Coppola has a radically reverse take on biography. She comes at the biopic as anything but exacting chronology; instead, it’s all about visceral encapsulation of mood, style, and deeply internalized feelings: biography not as deconstruction of personality but evocation of identity’s creation. Her Marie Antoinette (2006) was as historically irreverent as it was unapologetically youth-saturated, taking a fresh look at the indulgence of Versailles through the eyes of a naïve child thrust into a realm of power in which she had to find her own solace.
Priscilla, too, is whisked as a teenager into a life of royalty, albeit that of a particularly American variety. And while the atmosphere and accoutrements (not to mention the drugs and rock and roll) of 1960s Memphis make for a vastly different world from Versailles, Coppola’s focus is again distinct. The cultural and sexual shockwaves of the rock revolution and the complexities of Elvis’s magnetism are here seen through the filter of a teenager chasing a tenuous romantic dream. By candidly evoking how the rise and fall of their courtship felt from the inside—the closeness of it, the passion, the enchantment, the strangeness, the claustrophobia, and the growing urge to break out—Coppola gives Priscilla ownership of her story.
Says Coppola, “Reading Priscilla’s story for the first time, I was struck by how relatable her story was even in such an unusual setting, and how we saw her as such a striking figure next to Elvis, but she wasn’t looked at beyond that. Priscilla was mainly seen in the world of entertainment tabloids as ‘Elvis’s child bride’ but I felt there was a much more interesting story to tell—about a girlish wish that came true but wasn’t what she imagined, about coming-of-age inside both incredible fame and great loneliness, about how people learn to live inside of bubbles and also feel the need to burst them, about the strength it took to for her to realize that as much as she loved Elvis, she had to go. Elvis was such a vital part of American cultural history, but Priscilla’s life is equally part of that history.”
Coppola continues, “Priscilla has traditionally been this minor character in the Elvis story, but she saw the whole history through a fascinating and completely different lens. I was interested in exploring what it was like to be a teenager in Graceland, to grow up inside this extremely amplified atmosphere, in a complicated marriage, and how extraordinary it was to walk away from that world to lead her own life.”
For the screenplay’s framework, Coppola drew primarily from Presley’s 1985 bestseller Elvis and Me, an unflinchingly candid yet still lovelorn memoir, which captured Coppola’s imagination. She explains, “I found it to be a kind of Alice in Wonderland, a girl’s journey into an unimaginable fantasy and how she comes out the other end seeing things more clearly. There was something so fascinating, and so touching, to me about her story. What it would be like to go into Graceland as a child and leave as an adult? I started to think about how you might illustrate that as an impressionistic memory.”

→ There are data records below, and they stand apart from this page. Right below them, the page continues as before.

lemma special_clean_dataI:
  fixes a x k s t :: "'r::ring_1"
  defines "f \<equiv> a * x" and "S \<equiv> set_plus_r (rann a) (principal_right a)"
  assumes ax: "a * x * a = a"
    and k: "k \<in> a_rann_sq a" "\<And>z. z \<in> a_rann_sq a \<Longrightarrow> k * z = z" "k * f = k"
    and st: "t * k = t" "s * t = k" "\<And>w. w \<in> S \<Longrightarrow> s * w = 0" "1 - t * s \<in> S"
  shows "special_clean_data a f k s ((1 - f) * t)"
proof
  have K: "a_rann_sq a = {z. f * z = z \<and> a * z = 0}"
    unfolding f_def by (rule a_rann_sq_eq_of_inner_inverse[OF ax])
  show ff: "f * f = f" unfolding f_def using ax by (simp flip: mult.assoc)
  show "f * a = a" unfolding f_def by (rule ax)
  show "f \<in> principal_right a" unfolding f_def principal_right_def by blast
  show "f * k = k" "a * k = 0" using k(1) unfolding K by blast+
  show "k * f = k" by (rule k(3))
  show "k * z = z" if "f * z = z" "a * z = 0" for z using k(2) that unfolding K by blast
  have aS: "a * y \<in> S" for y
  proof -
    have "a * y \<in> principal_right a" unfolding principal_right_def by blast
    then show ?thesis
      using set_plus_r_subset_right[OF rideal_zero[OF rideal_rann]] unfolding S_def by blast
  qed
  have rS: "y \<in> S" if "a * y = 0" for y
  proof -
    have "y \<in> rann a" using that unfolding rann_def by simp
    then show ?thesis
      using set_plus_r_subset_left[OF rideal_zero[OF rideal_principal_right]] unfolding S_def by blast
  qed
  show "f * ((1 - f) * t) = 0" using ff by (simp add: algebra_simps flip: mult.assoc)
  show "(1 - f) * t * k = (1 - f) * t" using st(1) by (simp add: mult.assoc)
  have "s * (f * t) = 0" using st(3) aS[of "x * t"] unfolding f_def by (simp add: mult.assoc)
  then show "s * ((1 - f) * t) = k" using st(2) by (simp add: algebra_simps)
  show "s * a = 0" using st(3) aS[of 1] by simp
  show "s * y = 0" if "a * y = 0" for y using st(3) rS[OF that] .
  have "1 - (1 - f) * t * s = (1 - t * s) + a * (x * (t * s))"
    unfolding f_def by (simp add: algebra_simps)
  also have "\<dots> \<in> S"
    using rideal_add[OF _ st(4) aS] rideal_set_plus_r[OF rideal_rann rideal_principal_right]
    unfolding S_def by blast
  finally show "1 - (1 - f) * t * s \<in> set_plus_r (rann a) (principal_right a)"
    unfolding S_def .
qed

theorem lemma3p2:
  fixes a :: "'r::ring_1"
  assumes "regular_elem a"
    and "rprojective (quot_rmod (principal_right a) (a_rann_sq a))"
    and "rmod_isomorphic (sub_rmod (a_rann_sq a))
           (quot_rmod UNIV (set_plus_r (rann a) (principal_right a)))"
  shows "special_clean a"
proof -
  obtain x where ax: "a * x * a = a" using assms(1) unfolding regular_elem_def by metis
  have K: "a_rann_sq a = {z. a * x * z = z \<and> a * z = 0}"
    by (rule a_rann_sq_eq_of_inner_inverse[OF ax])
  have idem: "a * x * (a * x) = a * x" using ax by (simp flip: mult.assoc)
  have "a_rann_sq a \<subseteq> principal_right (a * x)"
    unfolding K principal_right_def by (smt (verit) mem_Collect_eq subsetI)
  then obtain k where k: "k \<in> a_rann_sq a" "\<And>z. z \<in> a_rann_sq a \<Longrightarrow> k * z = z"
      "k * (a * x) = k"
    using idempotent_generator_of_rprojective_quot[OF idem rideal_a_rann_sq]
      assms(2)[folded principal_right_eq_of_inner_inverse[OF ax]] by metis
  obtain s t where "t * k = t" "s * t = k"
      "\<And>w. w \<in> set_plus_r (rann a) (principal_right a) \<Longrightarrow> s * w = 0"
      "1 - t * s \<in> set_plus_r (rann a) (principal_right a)"
    using generators_of_iso_quot_univ[OF rideal_a_rann_sq
        rideal_set_plus_r[OF rideal_rann rideal_principal_right] k(1,2) assms(3)] by blast
  from special_clean_dataI[OF ax k this] show ?thesis
    by (rule special_clean_data.special_clean)
qed

end
(* Let $f,g\in H^2_\tau(\mathcal S)$ be such that $|g(x)|=|f(x)|$ for all $x\in\mathbb R$ and $$|g(z)|=|f(z)|\qquad\text{for all } z \text{ in the open segment } (a-e^{i\theta},\,a+e^{i\theta})=\{a+te^{i\theta}: t\in(-1,1)\},$$ where $a\in\mathbb R$ and $\theta\notin\pi\mathbb Q$. Then $g=cf$ for some constant $c\in\mathbb C$ with $|c|=1$.
   Context: $\mathcal S=\{z\in\mathbb C:|\mathrm{Im}\,z|<1\}$ is the strip, and $H^2_\tau(\mathcal S)$ is the space of holomorphic functions $f$ on $\mathcal S$ with $\sup_{|y|<1}\int_{\mathbb R}|f(t+iy)|^2\,\mathrm dt<\infty$. *)

theory Defs
  imports "HOL-Analysis.Analysis"
begin

definition strip :: "complex set" where
  "strip = {z. \<bar>Im z\<bar> < 1}"

definition H2_strip :: "(complex \<Rightarrow> complex) set" where
  "H2_strip = {f. f holomorphic_on strip \<and>
     (\<exists>B::real. \<forall>y::real. \<bar>y\<bar> < 1 \<longrightarrow>
        integrable lborel (\<lambda>t::real. (cmod (f (Complex t y)))\<^sup>2) \<and>
        (\<integral>t. (cmod (f (Complex t y)))\<^sup>2 \<partial>lborel) \<le> B)}"

end

theory Submission
  imports Defs "HOL-Complex_Analysis.Complex_Analysis"
begin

The memoir is where Coppola found the film’s swirling structure, evoking all the layers of girlhood memory, but also the way such memories are later haunted by longing, by compassion for one’s choices and for the flaws of love.
Coppola additionally had extensive personal conversations with Priscilla in the here and now, from which she gleaned more of Priscilla’s perspective—and as perspectives often do, it has shifted somewhat from when she wrote the book. A long-time admirer of Coppola’s filmography, Priscilla was forthcoming with the filmmaker and the two spoke of emotions and impressions as much as events. From the start, Coppola chose to suspend even the faintest notion of judgment in favor of staying true to Priscilla’s sometimes startling reminiscences.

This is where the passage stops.